**ASSIGNED TASK**
When you reach the line containing "fix y assume" in the entries below, begin reproducing lines exactly, and stop once the line containing "b)\<in>E. \<phi> y" is done.

——————

lemma laplacian_eigenvalue_nonneg:
  assumes E: "simple_graph n E"
    and c: "char_poly (laplacian n E) = (\<Prod>r\<leftarrow>rs. [:-r, 1:])" and r: "r \<in> set rs"
  shows "r \<ge> 0"
proof -
  obtain v where v: "v \<in> carrier_vec n" "v \<noteq> 0\<^sub>v n" "laplacian n E *\<^sub>v v = r \<cdot>\<^sub>v v"
    by (rule char_poly_root_eigenvectorE[OF laplacian_carrier c r])
  have Lv: "(\<Sum>j<n. laplacian n E $$ (i, j) * v $ j) = r * v $ i" if "i < n" for i
  proof -
    have "(\<Sum>j<n. laplacian n E $$ (i, j) * v $ j) = (laplacian n E *\<^sub>v v) $ i"
      by (rule mult_mat_vec_index[OF laplacian_carrier v(1) that, symmetric])
    also have "\<dots> = r * v $ i" using v(1,3) that by (simp add: carrier_vecD)
    finally show ?thesis .
  qed
  have "(\<Sum>i<n. v $ i * (\<Sum>j<n. laplacian n E $$ (i, j) * v $ j)) = (\<Sum>i<n. r * (v $ i)\<^sup>2)"
    using Lv by (auto intro!: sum.cong simp: power2_eq_square)
  then have "r * (\<Sum>i<n. (v $ i)\<^sup>2) \<ge> 0"
    using laplacian_quadratic_form_nonneg[OF E, of "\<lambda>i. v $ i"] by (simp add: sum_distrib_left)
  moreover have "(\<Sum>i<n. (v $ i)\<^sup>2) > 0"
    using sum_norm_sq_pos_if_nonzero[OF v(1,2)] by (simp add: real_norm_def)
  ultimately show ?thesis by (simp add: zero_le_mult_iff)
qed

lemma laplacian_eigenvalue_0:
  assumes n: "0 < n" and c: "char_poly (laplacian n E) = (\<Prod>r\<leftarrow>rs. [:-r, 1:])"
  shows "0 \<in> set rs"
proof -
  let ?L = "laplacian n E" and ?one = "vec n (\<lambda>_. 1) :: real vec"
  have "?L *\<^sub>v ?one = 0 \<cdot>\<^sub>v ?one"
  proof (rule eq_vecI)
    fix i assume "i < dim_vec (0 \<cdot>\<^sub>v ?one)"
    then have i: "i < n" by simp
    have "(?L *\<^sub>v ?one) $ i = (\<Sum>j<n. ?L $$ (i, j))"
      using i by (simp add: scalar_prod_def lessThan_atLeast0)
    then show "(?L *\<^sub>v ?one) $ i = (0 \<cdot>\<^sub>v ?one) $ i" using laplacian_row_sum[OF i] i by simp
  qed simp
  moreover have "?one \<noteq> 0\<^sub>v n"
  proof
    assume "?one = 0\<^sub>v n"
    then have "?one $ 0 = (0\<^sub>v n :: real vec) $ 0" by simp
    then show False using n by simp
  qed
  ultimately have "eigenvector ?L ?one 0" unfolding eigenvector_def by simp
  then have "eigenvalue ?L 0" unfolding eigenvalue_def by blast
  then have "poly (char_poly ?L) 0 = 0" using eigenvalue_root_char_poly[OF laplacian_carrier] by simp
  then show ?thesis unfolding c poly_prod_list_zero_iff by auto
qed

lemma sum_degree_eq_twice_num_edges:
  assumes E: "simple_graph n E"
  shows "(\<Sum>i<n. degree n E i) = 2 * num_edges n E"
proof -
  define P where "P = {(i, j). i < j \<and> j < n \<and> E i j}"
  have fin: "finite P" unfolding P_def
    by (rule finite_subset[of _ "{..<n} \<times> {..<n}"]) auto
  have "(\<Sum>i<n. degree n E i) = card (Sigma {..<n} (\<lambda>i. {j. j < n \<and> E i j}))"
    unfolding degree_def by (subst card_SigmaI) auto
  also have "Sigma {..<n} (\<lambda>i. {j. j < n \<and> E i j}) = P \<union> prod.swap ` P"
    using E unfolding P_def simple_graph_def
    by (auto simp: image_iff) (metis linorder_neqE_nat)+
  also have "card (P \<union> prod.swap ` P) = card P + card (prod.swap ` P)"
    by (rule card_Un_disjoint) (use fin in \<open>auto simp: P_def\<close>)
  also have "card (prod.swap ` P) = card P" by (rule card_image) simp
  finally show ?thesis unfolding num_edges_def P_def by simp
qed

lemma trace_laplacian:
  assumes E: "simple_graph n E"
  shows "trace (laplacian n E) = 2 * real (num_edges n E)"
proof -
  have "trace (laplacian n E) = (\<Sum>i<n. real (degree n E i))"
    unfolding trace_def using adj_self[OF E]
    by (auto intro!: sum.cong simp: laplacian_index degree_eq_sum_adj)
  also have "\<dots> = real (\<Sum>i<n. degree n E i)" by simp
  also have "\<dots> = 2 * real (num_edges n E)" using sum_degree_eq_twice_num_edges[OF E] by simp
  finally show ?thesis .
qed

subsection \<open>The Laplacian spectrum of the complement\<close>

lemma simple_graph_compl_graph: "simple_graph n E \<Longrightarrow> simple_graph n (compl_graph n E)"
  unfolding simple_graph_def compl_graph_def by metis

lemma degree_compl_graph:
  assumes E: "simple_graph n E" and i: "i < n"
  shows "real (degree n (compl_graph n E) i) = real n - 1 - real (degree n E i)"
proof -
  let ?A = "{j. j < n \<and> compl_graph n E i j}" and ?B = "{j. j < n \<and> E i j}"
  have "{..<n} = ?A \<union> ({i} \<union> ?B)" using i unfolding compl_graph_def by auto
  then have "n = card (?A \<union> ({i} \<union> ?B))" by (metis card_lessThan)
  also have "\<dots> = card ?A + card ({i} \<union> ?B)"
    by (rule card_Un_disjoint) (auto simp: compl_graph_def)
  also have "card ({i} \<union> ?B) = 1 + card ?B"
    using E by (subst card_Un_disjoint) (auto simp: simple_graph_def)
  finally show ?thesis unfolding degree_def by simp
qed
lemma card_twisted_PiE_eq:
  fixes \<tau> :: "'a \<Rightarrow> bool"
  assumes f: "\<forall>x\<in>A. f x \<in> A \<and> f (f x) = x"
    and E: "E \<subseteq> V \<times> V" and gauge: "\<forall>(a, b)\<in>E. (\<tau> a \<noteq> \<tau> b) = tw a b"
  shows "card {x \<in> PiE V (\<lambda>_. A). \<forall>(a, b)\<in>E. x a = twist (tw a b) f (x b)}
       = card {y \<in> PiE V (\<lambda>_. A). \<forall>(a, b)\<in>E. y a = y b}"
proof -
  let ?X = "{x \<in> PiE V (\<lambda>_. A). \<forall>(a, b)\<in>E. x a = twist (tw a b) f (x b)}"
  let ?Y = "{y \<in> PiE V (\<lambda>_. A). \<forall>(a, b)\<in>E. y a = y b}"
  define \<phi> where "\<phi> x = (\<lambda>v\<in>V. twist (\<tau> v) f (x v))" for x
  have twist_A: "twist p f y \<in> A" if "y \<in> A" for p y
    using f that by (simp add: twist_def)
  have \<phi>_PiE: "\<phi> x \<in> PiE V (\<lambda>_. A)" if "x \<in> PiE V (\<lambda>_. A)" for x
    unfolding \<phi>_def using that by (intro PiE_I) (auto intro: twist_A)
  have \<phi>_\<phi>: "\<phi> (\<phi> x) = x" if x: "x \<in> PiE V (\<lambda>_. A)" for x
  proof
    fix v
    show "\<phi> (\<phi> x) v = x v"
    proof (cases "v \<in> V")
      case True
      then have "f (f (x v)) = x v" using f PiE_mem[OF x True] by blast
      then show ?thesis using True unfolding \<phi>_def by (simp add: twist_twist)
    next
      case False
      then show ?thesis using PiE_arb[OF x False] unfolding \<phi>_def by simp
    qed
  qed
  have edge: "\<phi> x a = \<phi> x b \<longleftrightarrow> x a = twist (tw a b) f (x b)"
    if x: "x \<in> PiE V (\<lambda>_. A)" and ab: "(a, b) \<in> E" for x a b
  proof -
    have V: "a \<in> V" "b \<in> V" using ab E by auto
    then have A: "x a \<in> A" "twist (\<tau> b) f (x b) \<in> A" using x twist_A by auto
    have "\<phi> x a = \<phi> x b \<longleftrightarrow> twist (\<tau> a) f (x a) = twist (\<tau> b) f (x b)"
      using V by (simp add: \<phi>_def)
    also have "\<dots> \<longleftrightarrow> x a = twist (\<tau> a) f (twist (\<tau> b) f (x b))"
      using A f by (intro twist_eq_iff) auto
    also have "\<dots> \<longleftrightarrow> x a = twist (tw a b) f (x b)"
    proof -
      have "f (f (x b)) = x b" using V x f by auto
      moreover have "(\<tau> a \<noteq> \<tau> b) = tw a b" using gauge ab by auto
      ultimately show ?thesis by (simp add: twist_twist)
    qed
    finally show ?thesis .
  qed
  have "bij_betw \<phi> ?X ?Y"
  proof (rule bij_betw_byWitness[where f' = \<phi>])
    show "\<forall>x\<in>?X. \<phi> (\<phi> x) = x" "\<forall>y\<in>?Y. \<phi> (\<phi> y) = y"
      using \<phi>_\<phi> by blast+
    show "\<phi> ` ?X \<subseteq> ?Y"
    proof (rule image_subsetI)
      fix x assume "x \<in> ?X"
      then have x: "x \<in> PiE V (\<lambda>_. A)" and "\<forall>(a, b)\<in>E. x a = twist (tw a b) f (x b)"
        by blast+
      then have "\<forall>(a, b)\<in>E. \<phi> x a = \<phi> x b" using edge[OF x] by blast
      then show "\<phi> x \<in> ?Y" using \<phi>_PiE[OF x] by blast
    qed
    show "\<phi> ` ?Y \<subseteq> ?X"
    proof (rule image_subsetI)
      fix y assume "y \<in> ?Y"
      then have y: "y \<in> PiE V (\<lambda>_. A)" and "\<forall>(a, b)\<in>E. \<phi> (\<phi> y) a = \<phi> (\<phi> y) b"
        using \<phi>_\<phi> by auto
      then have "\<forall>(a, b)\<in>E. \<phi> y a = twist (tw a b) f (\<phi> y b)"
        using edge[OF \<phi>_PiE[OF y]] by blast
      then show "\<phi> y \<in> ?X" using \<phi>_PiE[OF y] by blast
    qed
  qed
  then show ?thesis by (rule bij_betw_same_card)
qed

——————

**YOUR RESPONSE**
      fix y assume "y \<in> ?Y"
      then have y: "y \<in> PiE V (\<lambda>_. A)" and "\<forall>(a, b)\<in>E. \<phi> (\<phi> y) a = \<phi> (\<phi> y) b"
        using \<phi>_\<phi> by auto
      then have "\<forall>(a, b)\<in>E. \<phi> y a = twist (tw a b) f (\<phi> y b)"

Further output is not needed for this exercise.